Posts: 18,014   +6,823
Someone else mentioned that increasing the radius can reduce the force while maintaining the velocity, so maybe that's what they are planning IDK. I just thought it was a novel approach to getting something into space even if it was just a rock. lol
OK, remember the space shuttle "Columbia"? It broke up after losing a couple of ceramic hear tiles.upon re-entry.. This heat is generated by hitting very thin air, going 18K Mph.

So, what about the heating factor of sea level air.. If you could launch at 18K Mph, would the projectile leave fast enough to not allow time for heating?. Would you have to spin this up in a completer vacuum, so as not to burn the object up bringing it to speed?

Having to deal with air is a b!tch.
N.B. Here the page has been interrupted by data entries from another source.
lemma image_cell_Cons_subset: "image_cell (k # s) \<subseteq> image_cell s"
  using image_cell_subset_image_halo image_halo_Cons_subset by blast

lemma image_halo_Cons_subset_halo: "image_halo (k # s) \<subseteq> image_halo s"
  using image_cell_subset_image_halo image_halo_Cons_subset by blast

lemma image_cell_image: "g ` (cell s \<inter> -\<rat>) \<subseteq> image_cell s"
  using splitting_nodeD(6) by (cases s) fastforce+

lemma image_point_in_image_halo: "image_point s k \<in> L \<inter> image_halo (k # s)"
  using splitting_nodeD(7,8) by simp

lemma rat_enum_notin_cell: "rat_enum (length s) \<notin> cell (k # s)"
  using splitting_nodeD(5) by simp

lemma dist_le_in_cell:
  assumes "z \<in> cell (k # s)" "w \<in> cell (k # s)"
  shows "dist z w \<le> 2 / Suc (length s)"
proof -
  have "dist z w \<le> dist (point s k) z + dist (point s k) w"
    by (rule dist_triangle3)
  also have "\<dots> \<le> 2 * radius s k"
    using assms by simp
  also have "\<dots> \<le> 2 / Suc (length s)"
    using splitting_nodeD(3)[of s k] by simp
  finally show ?thesis .
qed

lemma image_halos_disjoint:
  "length s = length s' \<Longrightarrow> s \<noteq> s' \<Longrightarrow> image_halo s \<inter> image_halo s' = {}"
proof (induction s arbitrary: s')
  case Nil
  then show ?case
    by simp
next
  case (Cons k s)
  then obtain k' t where s': "s' = k' # t" "length t = length s"
    by (cases s') auto
  show ?case
  proof (cases "s = t")
    case True
    then have "k \<noteq> k'"
      using Cons.prems(2) s'(1) by simp
    then show ?thesis
      using splitting_nodeD(10) True s'(1) by simp
  next
    case False
    then have "image_halo s \<inter> image_halo t = {}"
      using Cons.IH s'(2) by simp
    then show ?thesis
      using image_halo_Cons_subset_halo[of k s] image_halo_Cons_subset_halo[of k' t] s'(1) by blast
  qed
qed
Drag squares in relation to speed doubling. (The inverse square law rears it's ugly head in so many places).

The reality is, if you want to launch an object into orbit by initial impact, you're going to have to launch it a well over the 18K number.
 

Vulcanproject

Posts: 1,481   +2,660
It's one thing throwing a lump of nothing high into the atmosphere and another sending a useful load into Earth orbit. Very different.

This is essentially a first stage only on Earth if orbit is the actual goal. A second stage on board the projectile would have to take over. Never be able to reach escape velocity or even possibly guide the thing into a controllable orbit without that.

Probably work pretty great on the moon or Mars though.